Exam 1 Prep Flashcards
(47 cards)
What are the 4 types of herniated nucleus pulposus (HNP)?
-Intra-spongy nuclear herniation
-Protrusion/prolapse w/ and w/ out spinal nerve root involvement
-Extrusion
-Sequestration
What are the 4 grades of intra-spongy nuclear herniation?
-Grade I: subchondral fx in vertebral body
-Grade II: small cracks in ednplates
-Grade III: a crack in which a piece of bone has shifted
-Grade IV: a crack in which pieces of bone has shifted and disc material is forced through the crack
What is a protrusion without spinal nerve root involvement?

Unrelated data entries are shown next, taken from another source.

(* Let $P$ be a finite $(3+1)$-free poset and let $a,b,c\in P$. Then: (i) if $a\approx b$ and $b\approx c$, then $a\approx c$; (ii) if $a\mathrel{\top} b$ and $b\approx c$, then $a\mathrel{\top} c$; (iii) if $a\mathrel{\bot} b$ and $b\approx c$, then $a\mathrel{\bot} c$; (iv) if $a\mathrel{\top} b$, then $U_a=U_b$; (v) if $a\mathrel{\bot} b$, then $D_a=D_b$; (vi) $v(a)$ and $v(b)$ are incomparable in the view order if and only if $a\mathrel{\top} b$ or $a\mathrel{\bot} b$; (vii) it is not the case that both $a\mathrel{\top} b$ and $b\mathrel{\bot} c$.
   Context: A poset $P$ is $(3+1)$-free if there are no $a,b,c,d\in P$ with $a<b<c$ and $d$ incomparable to each of $a,b,c$. For $a\in P$ let $D_a=\{x\in P: x<a\}$ and $U_a=\{x\in P: x>a\}$. Write $a\mathrel{\top} b$ if neither of the sets $D_a,D_b$ contains the other, and $a\mathrel{\bot} b$ if neither of the sets $U_a,U_b$ contains the other. Write $a\approx b$ (clones) if $D_a=D_b$ and $U_a=U_b$. The view of $a$ is $v(a)=(D_a,P\setminus U_a)$; views are ordered by $v(a)\le v(b)$ iff $D_a\subseteq D_b$ and $U_a\supseteq U_b$, and $v(a),v(b)$ are incomparable if neither $v(a)\le v(b)$ nor $v(b)\le v(a)$. *)

theory Defs
  imports Main
begin

definition strict_poset :: "'a set \<Rightarrow> ('a \<Rightarrow> 'a \<Rightarrow> bool) \<Rightarrow> bool" where
  "strict_poset P lt \<longleftrightarrow>
     (\<forall>x\<in>P. \<not> lt x x) \<and>
     (\<forall>x\<in>P. \<forall>y\<in>P. \<forall>z\<in>P. lt x y \<and> lt y z \<longrightarrow> lt x z)"

definition incomp :: "('a \<Rightarrow> 'a \<Rightarrow> bool) \<Rightarrow> 'a \<Rightarrow> 'a \<Rightarrow> bool" where
  "incomp lt x y \<longleftrightarrow> x \<noteq> y \<and> \<not> lt x y \<and> \<not> lt y x"

definition free_3_1 :: "'a set \<Rightarrow> ('a \<Rightarrow> 'a \<Rightarrow> bool) \<Rightarrow> bool" where
  "free_3_1 P lt \<longleftrightarrow> \<not> (\<exists>a\<in>P. \<exists>b\<in>P. \<exists>c\<in>P. \<exists>d\<in>P.
      lt a b \<and> lt b c \<and> incomp lt d a \<and> incomp lt d b \<and> incomp lt d c)"

definition down :: "'a set \<Rightarrow> ('a \<Rightarrow> 'a \<Rightarrow> bool) \<Rightarrow> 'a \<Rightarrow> 'a set" where
  "down P lt a = {x\<in>P. lt x a}"

definition up :: "'a set \<Rightarrow> ('a \<Rightarrow> 'a \<Rightarrow> bool) \<Rightarrow> 'a \<Rightarrow> 'a set" where
  "up P lt a = {x\<in>P. lt a x}"

definition top_rel :: "'a set \<Rightarrow> ('a \<Rightarrow> 'a \<Rightarrow> bool) \<Rightarrow> 'a \<Rightarrow> 'a \<Rightarrow> bool" where
  "top_rel P lt a b \<longleftrightarrow> \<not> down P lt a \<subseteq> down P lt b \<and> \<not> down P lt b \<subseteq> down P lt a"

definition bot_rel :: "'a set \<Rightarrow> ('a \<Rightarrow> 'a \<Rightarrow> bool) \<Rightarrow> 'a \<Rightarrow> 'a \<Rightarrow> bool" where
  "bot_rel P lt a b \<longleftrightarrow> \<not> up P lt a \<subseteq> up P lt b \<and> \<not> up P lt b \<subseteq> up P lt a"

definition clone :: "'a set \<Rightarrow> ('a \<Rightarrow> 'a \<Rightarrow> bool) \<Rightarrow> 'a \<Rightarrow> 'a \<Rightarrow> bool" where
  "clone P lt a b \<longleftrightarrow> down P lt a = down P lt b \<and> up P lt a = up P lt b"

definition view :: "'a set \<Rightarrow> ('a \<Rightarrow> 'a \<Rightarrow> bool) \<Rightarrow> 'a \<Rightarrow> 'a set \<times> 'a set" where
  "view P lt a = (down P lt a, P - up P lt a)"

text \<open>v(a) \<le> v(b) iff D_a \<subseteq> D_b and U_a \<supseteq> U_b, i.e. componentwise inclusion of views.\<close>
definition view_le :: "'a set \<times> 'a set \<Rightarrow> 'a set \<times> 'a set \<Rightarrow> bool" where
  "view_le v w \<longleftrightarrow> fst v \<subseteq> fst w \<and> snd v \<subseteq> snd w"

definition view_incomparable :: "'a set \<times> 'a set \<Rightarrow> 'a set \<times> 'a set \<Rightarrow> bool" where
  "view_incomparable v w \<longleftrightarrow> \<not> view_le v w \<and> \<not> view_le w v"

end

theory Submission
  imports Defs
begin

text \<open>Every part beyond the bookkeeping ones is a single application of (3+1)-freeness in the
  following form: an element that is neither above the bottom nor below the top of a chain
  \<open>x < m < z\<close> must be comparable with its middle \<open>m\<close>. Parts (iv) and (v) are dual to each other,
  (vi) reduces to the fact that \<open>D\<^sub>a \<subseteq> D\<^sub>b\<close> and \<open>U\<^sub>a \<subseteq> U\<^sub>b\<close> force one of the inclusions to be an
  equality, and (vii) combines (iv) and (v).\<close>

lemma strict_poset_irrefl: "strict_poset P lt \<Longrightarrow> x \<in> P \<Longrightarrow> \<not> lt x x"
  unfolding strict_poset_def by blast

lemma strict_poset_trans:
  "strict_poset P lt \<Longrightarrow> x \<in> P \<Longrightarrow> y \<in> P \<Longrightarrow> z \<in> P \<Longrightarrow> lt x y \<Longrightarrow> lt y z \<Longrightarrow> lt x z"
  unfolding strict_poset_def by blast

lemma free_3_1_comparable_middle:
  assumes "strict_poset P lt" "free_3_1 P lt"
    and "x \<in> P" "m \<in> P" "z \<in> P" "d \<in> P"
    and "lt x m" "lt m z" "\<not> lt x d" "\<not> lt d z"
  shows "d = m \<or> lt d m \<or> lt m d"
proof -
  have "lt x z"
    using strict_poset_trans[OF assms(1,3,4,5,7,8)] .
  moreover have "\<not> lt d x" and "\<not> lt z d"
    using strict_poset_trans[OF assms(1,6,3,5) _ \<open>lt x z\<close>]
      strict_poset_trans[OF assms(1,3,5,6) \<open>lt x z\<close>] assms(9,10) by blast+
  ultimately have "incomp lt d x" "incomp lt d z"
    using assms(9,10) unfolding incomp_def by auto
  then have "\<not> incomp lt d m"
    using assms unfolding free_3_1_def by blast
  then show ?thesis
    unfolding incomp_def by blast
qed

lemma strict_poset_converse: "strict_poset P lt \<Longrightarrow> strict_poset P (\<lambda>x y. lt y x)"
  unfolding strict_poset_def by blast

lemma free_3_1_converse: "free_3_1 P lt \<Longrightarrow> free_3_1 P (\<lambda>x y. lt y x)"
  unfolding free_3_1_def incomp_def by blast

lemma down_converse: "down P (\<lambda>x y. lt y x) a = up P lt a"
  unfolding down_def up_def by simp

lemma up_converse: "up P (\<lambda>x y. lt y x) a = down P lt a"
  unfolding down_def up_def by simp

lemma top_rel_converse: "top_rel P (\<lambda>x y. lt y x) a b \<longleftrightarrow> bot_rel P lt a b"
  unfolding top_rel_def bot_rel_def down_converse ..

lemma top_rel_sym: "top_rel P lt a b \<Longrightarrow> top_rel P lt b a"
  unfolding top_rel_def by blast

lemma top_rel_up_subset:
  assumes sp: "strict_poset P lt" and free: "free_3_1 P lt" and "a \<in> P" "b \<in> P"
    and top: "top_rel P lt a b"
  shows "up P lt a \<subseteq> up P lt b"
proof
  fix z assume "z \<in> up P lt a"
  then have z: "z \<in> P" "lt a z" unfolding up_def by auto
  obtain x where x: "x \<in> P" "lt x a" "\<not> lt x b"
    using top unfolding top_rel_def down_def by blast
  obtain y where y: "y \<in> P" "lt y b" "\<not> lt y a"
    using top unfolding top_rel_def down_def by blast
  show "z \<in> up P lt b"
  proof (rule ccontr)
    assume "z \<notin> up P lt b"
    with z have "\<not> lt b z" unfolding up_def by auto
    then have "b = a \<or> lt b a \<or> lt a b"
      using free_3_1_comparable_middle[OF sp free x(1) \<open>a \<in> P\<close> z(1) \<open>b \<in> P\<close> x(2) z(2) x(3)]
      by blast
    then show False
      using x y strict_poset_trans[OF sp x(1) \<open>a \<in> P\<close> \<open>b \<in> P\<close> x(2)]
        strict_poset_trans[OF sp y(1) \<open>b \<in> P\<close> \<open>a \<in> P\<close> y(2)] by blast
  qed
qed

lemma top_rel_up_eq:
  assumes "strict_poset P lt" "free_3_1 P lt" "a \<in> P" "b \<in> P" "top_rel P lt a b"
  shows "up P lt a = up P lt b"
  using top_rel_up_subset[OF assms] top_rel_up_subset[OF assms(1,2,4,3) top_rel_sym[OF assms(5)]]
  by (rule subset_antisym)

lemma bot_rel_down_eq:
  assumes "strict_poset P lt" "free_3_1 P lt" "a \<in> P" "b \<in> P" "bot_rel P lt a b"
  shows "down P lt a = down P lt b"
proof -
  have "top_rel P (\<lambda>x y. lt y x) a b"
    using assms(5) unfolding top_rel_converse .
  then have "up P (\<lambda>x y. lt y x) a = up P (\<lambda>x y. lt y x) b"
    by (rule top_rel_up_eq[OF strict_poset_converse[OF assms(1)] free_3_1_converse[OF assms(2)] assms(3,4)])
  then show ?thesis
    unfolding up_converse .
qed

lemma not_top_rel_and_bot_rel:
  assumes sp: "strict_poset P lt" and free: "free_3_1 P lt" and "a \<in> P" "b \<in> P" "c \<in> P"
  shows "\<not> (top_rel P lt a b \<and> bot_rel P lt b c)"
proof
  assume rels: "top_rel P lt a b \<and> bot_rel P lt b c"
  then have U: "up P lt a = up P lt b" and D: "down P lt b = down P lt c"
    using top_rel_up_eq[OF sp free \<open>a \<in> P\<close> \<open>b \<in> P\<close>]
      bot_rel_down_eq[OF sp free \<open>b \<in> P\<close> \<open>c \<in> P\<close>] by blast+
  obtain x where x: "x \<in> P" "lt x a" "\<not> lt x b"
    using rels unfolding top_rel_def down_def by blast
  obtain z where z: "z \<in> P" "lt b z" "\<not> lt c z"
    using rels unfolding bot_rel_def up_def by blast
  have "lt a z" and "\<not> lt x c"
    using U D x z unfolding up_def down_def by blast+
  then have "c = a \<or> lt c a \<or> lt a c"
    using free_3_1_comparable_middle[OF sp free x(1) \<open>a \<in> P\<close> z(1) \<open>c \<in> P\<close> x(2)] z(3) by blast
  moreover have "\<not> lt a c"
  proof
    assume "lt a c"
    with D \<open>a \<in> P\<close> have "lt a b" unfolding down_def by blast
    with U \<open>b \<in> P\<close> have "lt b b" unfolding up_def by blast
    with strict_poset_irrefl[OF sp \<open>b \<in> P\<close>] show False by blast
  qed
  ultimately show False
    using x z \<open>lt a z\<close> strict_poset_trans[OF sp \<open>c \<in> P\<close> \<open>a \<in> P\<close> z(1) _ \<open>lt a z\<close>] by blast
qed

lemma view_le_view_iff:
  "view_le (view P lt a) (view P lt b) \<longleftrightarrow> down P lt a \<subseteq> down P lt b \<and> up P lt b \<subseteq> up P lt a"
  unfolding view_le_def view_def up_def by auto

lemma down_up_subset_imp_eq:
  assumes sp: "strict_poset P lt" and free: "free_3_1 P lt" and "a \<in> P" "b \<in> P"
    and "down P lt a \<subseteq> down P lt b" "up P lt a \<subseteq> up P lt b"
  shows "down P lt a = down P lt b \<or> up P lt a = up P lt b"
proof (rule ccontr)
  assume "\<not> ?thesis"
  with assms(5,6) obtain x z where x: "x \<in> P" "lt x b" "\<not> lt x a"
    and z: "z \<in> P" "lt b z" "\<not> lt a z"
    unfolding down_def up_def by blast
  then have "a = b \<or> lt a b \<or> lt b a"
    using free_3_1_comparable_middle[OF sp free x(1) \<open>b \<in> P\<close> z(1) \<open>a \<in> P\<close>] by blast
  then show False
    using x z strict_poset_trans[OF sp \<open>a \<in> P\<close> \<open>b \<in> P\<close> z(1) _ z(2)]
      strict_poset_trans[OF sp x(1) \<open>b \<in> P\<close> \<open>a \<in> P\<close> x(2)] by blast
qed

lemma view_incomparable_iff:
  assumes "strict_poset P lt" "free_3_1 P lt" "a \<in> P" "b \<in> P"
  shows "view_incomparable (view P lt a) (view P lt b) \<longleftrightarrow> top_rel P lt a b \<or> bot_rel P lt a b"
  using down_up_subset_imp_eq[OF assms] down_up_subset_imp_eq[OF assms(1,2,4,3)]
  unfolding view_incomparable_def view_le_view_iff top_rel_def bot_rel_def by blast

theorem lemma2p6:
  fixes P :: "'a set" and lt :: "'a \<Rightarrow> 'a \<Rightarrow> bool" and a b c :: 'a
  assumes "finite P" and "strict_poset P lt" and "free_3_1 P lt"
    and "a \<in> P" and "b \<in> P" and "c \<in> P"
  shows "(clone P lt a b \<and> clone P lt b c \<longrightarrow> clone P lt a c)
    \<and> (top_rel P lt a b \<and> clone P lt b c \<longrightarrow> top_rel P lt a c)
    \<and> (bot_rel P lt a b \<and> clone P lt b c \<longrightarrow> bot_rel P lt a c)
    \<and> (top_rel P lt a b \<longrightarrow> up P lt a = up P lt b)
    \<and> (bot_rel P lt a b \<longrightarrow> down P lt a = down P lt b)
    \<and> (view_incomparable (view P lt a) (view P lt b) \<longleftrightarrow> top_rel P lt a b \<or> bot_rel P lt a b)
    \<and> \<not> (top_rel P lt a b \<and> bot_rel P lt b c)"
proof (intro conjI impI)
  show "clone P lt a c" if "clone P lt a b \<and> clone P lt b c"
    using that unfolding clone_def by simp
  show "top_rel P lt a c" if "top_rel P lt a b \<and> clone P lt b c"
    using that unfolding clone_def top_rel_def by auto
  show "bot_rel P lt a c" if "bot_rel P lt a b \<and> clone P lt b c"
    using that unfolding clone_def bot_rel_def by auto
qed (use top_rel_up_eq[OF assms(2-5)] bot_rel_down_eq[OF assms(2-5)]
      view_incomparable_iff[OF assms(2-5)] not_top_rel_and_bot_rel[OF assms(2-6)] in blast)+

end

-Displacement of nuclear material beyond normal confines of the inner annulus, producing a discreet bulge in the outer annulus
-No nuclear material escapes the outer annulus fibrosis or posterior longitudinal ligament
-Most common in L4-L5 and L5-S1
What is extrusion?
-Displaced nuclear material extrudes into the spinal canal through disrupted fibers of the annulus fibrosis and PLL but is still in contact with the disk
-Nuclear material escapes into the spinal canal as free fragments
What is facet impingement?
-Usually occurs due to a sudden, unguarded movement involving extension, SB, and/or rotation with little to no trauma
-“Nipping” of intervertebral menisci
What is facet sprain?
-More severe injury than impingement or a progression of a repetitive facet impingement
-Moderate to severe trauma
What can facet movement dysfunction be a result of?
-Hypomobility secondary to ligament tear, muscle tear, contusion, meniscoid entrapment, facet subluxation
-Hypermobility secondary to extra-articular or periarticular cause of distinction made by end feel during PPIVM and PAIVM
What is the clinical prediction rules for spinal manipulation?
-Low fear avoidance behavior questionnaire (FABQ) < 19
-Duration of symptoms 15 days or less
-No symptoms distal to knee
-Lumbar spine hypomobility at any level
-Either hip with greater than 35 degrees of internal rotation
What is the clinical prediction rule for lumbar stabilization for LBP?
-SLR > 91 degrees
-+ prone instability test
-Aberrant movements
-Age < 40 years old
What is the diagnostic criteria for ankylosing spondylitis?
-Morning stiffness > 30 minutes
-Improvement in back pain with exercise but not with rest
-Awakening because of back pain during the second half of the night only
-Alternating buttock pain
-Diagnosed if three or more are present
What is the diagnostic criteria for lumbar spinal stenosis?
-Age 60-70= 2 points
-Age > 70= 3 points
-Symptoms present > 6 months= 1 point
-Symptoms improve when bending forward+ 2
-Symptoms improve when bending backward= -2
-Symptoms exacerbated when standing up= 2
-+ intermittent claudication= 1
-Urinary incontinence= 1
How are spinal ligaments innervated?
-Innervated with nocicepetive afferent fibers
-pain generators with chronic or acute tissue strain
What treatments are indicated for facet impingement?
-Joint mobilizations
-Mobilizations with movement
-STM and contract relax
-Muscle energy techniques
-Therapeutic exercise
What treatments are indicated for facet sprain?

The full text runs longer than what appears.